The type of food we eat, people we hang around, water we drink, skin products we use, light we’re exposed to, environment we live in and even the time of the cycle we are in all impact our balance of bacteria.
For someone who’s been on rounds and rounds of antibiotics in the past and wants to restore their gut health, what are a few actionable steps they can take to help?
Jess: I think it’s important to understand that not all antibiotics are created equal. Some are broad spectrum and will wipe out many strains of bacteria, both good and bad, and then some are more targeted and not so broad. Before you assume the antibiotics are the culprit in your gut health woes, I think it’s important to get clear on what type of antibiotics you’ve taken.
Also, there’s this widespread fear of antibiotics in the health and wellness community, but we have to understand that the term “antibiotic” refers to anything that kills bacteria. A lot of us like to blame antibiotics for our gut woes, when in reality, so many of us are unknowingly exposing ourselves to “antibiotic” substances every single day. This, combined with multiple rounds of antibiotics, especially taken within the first three years of life can greatly affect gut health for life. Unfiltered water that contains chlorine, non-organic fruits, veggies and meats, seed oils and skincare and household cleaning products are just a few antimicrobial substances that we are exposed to regularly.
It is important to test your stool and understand how the antibiotics have affected your gut health before figuring out what to do about it. But, making sure you are eating as high quality foods as possible, including high quality meat and variety of fresh produce and avoiding processed food and alcohol while on antibiotics and a few weeks after antibiotics is the best way to allow your gut to recover quickly and effectively. Like I said, it is a self-healing machine.

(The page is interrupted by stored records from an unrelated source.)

locale R_Delta_setting =
  fixes N m :: nat and A :: "'k::field mat" and \<Delta> :: "'k poly" and S :: "'k set"
  assumes two: "(2::'k) \<noteq> 0" and N_eq: "N = 2 * m" and m_pos: "0 < m"
    and nondegenerate: "nondegenerate_qf N A" and degree_\<Delta>: "degree \<Delta> = N"
    and no_root_one: "mult_root \<Delta> 1 = 0" and no_root_minus_one: "mult_root \<Delta> (-1) = 0"
    and mult_root_uminus: "\<And>l. l \<noteq> 0 \<Longrightarrow> mult_root \<Delta> (-l) = mult_root \<Delta> l"
    and transversal: "eigen_transversal S"
begin

definition B :: "'k mat" where
  "B = A + A\<^sup>T"

lemma A_carrier: "A \<in> carrier_mat N N"
  using nondegenerate unfolding nondegenerate_qf_def by simp

lemma B_carrier: "B \<in> carrier_mat N N"
  unfolding B_def using A_carrier by simp

lemma B_carrier_double: "B \<in> carrier_mat (2 * m) (2 * m)"
  using B_carrier N_eq by simp

lemma B_transpose: "B\<^sup>T = B"
  unfolding B_def using A_carrier by (intro eq_matI) auto

lemma bform_nondegenerate:
  assumes x: "x \<in> carrier_vec N" and "\<And>y. y \<in> carrier_vec N \<Longrightarrow> bform B x y = 0"
  shows "x = 0\<^sub>v N"
  using nondegenerate assms polar_form_eq_bform[OF A_carrier x] unfolding nondegenerate_qf_def B_def by auto

lemma det_B_nonzero: "det B \<noteq> 0"
proof
  assume "det B = 0"
  then obtain v where v: "v \<in> carrier_vec N" "v \<noteq> 0\<^sub>v N" "B *\<^sub>v v = 0\<^sub>v N"
    using det_0_iff_vec_prod_zero_field[OF B_carrier] by blast
  have "bform B v y = 0" if y: "y \<in> carrier_vec N" for y
    using bform_sym[OF B_carrier B_transpose v(1) y] y v(3) unfolding bform_def by simp
  then show False using bform_nondegenerate v(1,2) by blast
qed

lemma SO_Q_carrier: "g \<in> SO_Q N A \<Longrightarrow> g \<in> carrier_mat N N"
  unfolding SO_Q_def by simp

lemma SO_Q_bform:
  assumes g: "g \<in> SO_Q N A" and x: "x \<in> carrier_vec N" and y: "y \<in> carrier_vec N"
  shows "bform B (g *\<^sub>v x) (g *\<^sub>v y) = bform B x y"
proof -
  have g_carrier: "g \<in> carrier_mat N N"
    and q: "\<And>v. v \<in> carrier_vec N \<Longrightarrow> qform A (g *\<^sub>v v) = qform A v"
    using g unfolding SO_Q_def by auto
  have "polar_form A (g *\<^sub>v x) (g *\<^sub>v y) = polar_form A x y"
    unfolding polar_form_def using q[of "x + y"] q[OF x] q[OF y] g_carrier x y
    by (simp add: mult_add_distrib_mat_vec[OF g_carrier x y])
  then show ?thesis
    using polar_form_eq_bform[OF A_carrier] g_carrier x y unfolding B_def by simp
qed

lemma SO_Q_mult:
  assumes g: "g \<in> SO_Q N A" and h: "h \<in> SO_Q N A"
  shows "g * h \<in> SO_Q N A"
  using assms det_mult[OF SO_Q_carrier[OF g] SO_Q_carrier[OF h]] SO_Q_carrier[OF g] SO_Q_carrier[OF h]
  unfolding SO_Q_def by (auto simp: assoc_mult_mat_vec[of _ N N _ N])

lemma isometry_in_SO_Q:
  assumes g: "g \<in> carrier_mat N N" and iso: "g\<^sup>T * B * g = B" and det: "det g = 1"
  shows "g \<in> SO_Q N A"
proof -
  have "qform A (g *\<^sub>v v) = qform A v" if v: "v \<in> carrier_vec N" for v
  proof -
    have "2 * qform A (g *\<^sub>v v) = 2 * qform A v"
      using bform_mult_mat_vec[OF B_carrier g v v] bform_add_transpose_diag[OF A_carrier]
        g v iso unfolding B_def by simp
    then show ?thesis using two by simp
  qed
  then show ?thesis unfolding SO_Q_def using g det by simp
qed

lemma det_isometric_conj:
  assumes "isometric_conj B N s t \<delta>"
  shows "\<delta> = 1 \<or> \<delta> = -1"
proof -
  obtain g g' where g: "g \<in> carrier_mat N N" and "g' \<in> carrier_mat N N"
    "g * g' = 1\<^sub>m N" "g' * g = 1\<^sub>m N" and iso: "g\<^sup>T * B * g = B" and "g * s = t * g" and det: "det g = \<delta>"
    using assms by (rule isometric_conjE)
  have "det B = \<delta> * \<delta> * det B"
    using arg_cong[OF iso, of det] g B_carrier det by (simp add: det_mult[of _ N] det_transpose)
  then have "\<delta> * \<delta> = 1" using det_B_nonzero by simp
  then show ?thesis by (simp add: square_eq_1_iff)
qed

Can you share about the emotional link to the gut (if you believe there is a link) and how our emotions and mental state can affect our gut health?

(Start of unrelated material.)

(* Let $\gamma$ denote the Euler–Mascheroni constant. Define $a_1=\frac12$, $a_2=\frac16$, $a_3=-\frac16$, $a_4=\frac35$, $a_5=-\frac35$, $a_6=\frac{79}{126}$, $a_7=-\frac{79}{126}$, $a_8=\frac{7230}{6241}$, $a_9=-\frac{7230}{6241}$, $a_{10}=\frac{4146631}{3833346}$, $a_{11}=-\frac{4146631}{3833346}$. For a positive integer $n$ and $k\in\{10,11\}$ define the finite continued fraction $$R_k(n)=\cfrac{a_1}{n+\cfrac{a_2 n}{n+\cfrac{a_3 n}{n+\cfrac{\ddots}{n+\cfrac{a_{k-1}n}{n+a_k}}}}},$$ i.e. $R_k(n)=a_1/T_2$ where $T_k=n+a_k$ and $T_j=n+\frac{a_j n}{T_{j+1}}$ for $2\le j\le k-1$, and let $r_k(n)=\sum_{m=1}^{n}\frac1m-\ln n-R_k(n)$. Put $C_{10}=-\frac{2755095121}{892586949408}$ and $C_{11}=\frac{20169451}{3821257440}$. Then for every positive integer $n$, $$-C_{10}\,\frac{1}{(n+1)^{11}}<\gamma-r_{10}(n)<-C_{10}\,\frac{1}{n^{11}},$$ $$C_{11}\,\frac{1}{(n+1)^{12}}<r_{11}(n)-\gamma<C_{11}\,\frac{1}{n^{12}}.$$
   Context: $\gamma=\lim_{n\to\infty}\left(\sum_{m=1}^{n}\frac1m-\ln n\right)$ is the Euler–Mascheroni constant. The constants $C_{10},C_{11}$ are the limits $\lim_{n\to\infty}n^{k+1}(r_k(n)-\gamma)$ for $k=10,11$. *)

theory Defs
  imports "HOL-Analysis.Analysis"
begin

Jess: So, this is a huge topic, but put simply: our gut and brain are intimately connected via the central nervous system. This is referred to as the gut-brain axis. We have a huge nerve called the Vagus nerve that connects the brain to the digestive tract, which holds about one hundred million nerve endings. At the end of the nerve fiber, chemical substances called neurotransmitters are created. These neurotransmitters, including dopamine and serotonin amongst many others, make their way from the gut into the whole body and are responsible for many of the actions needed to maintaining homeostasis, or whole body balance. These chemical substances can affect many things including gut motility, blood flow, nutrient absorption, immune system response and the gut bacteria. Then, on the flip side, what’s going on in the brain can directly affect the gut. If there is high amounts of stress being registered by the CNS, digestive function and neurotransmitter production will be altered to allow the body to adapt to the stress.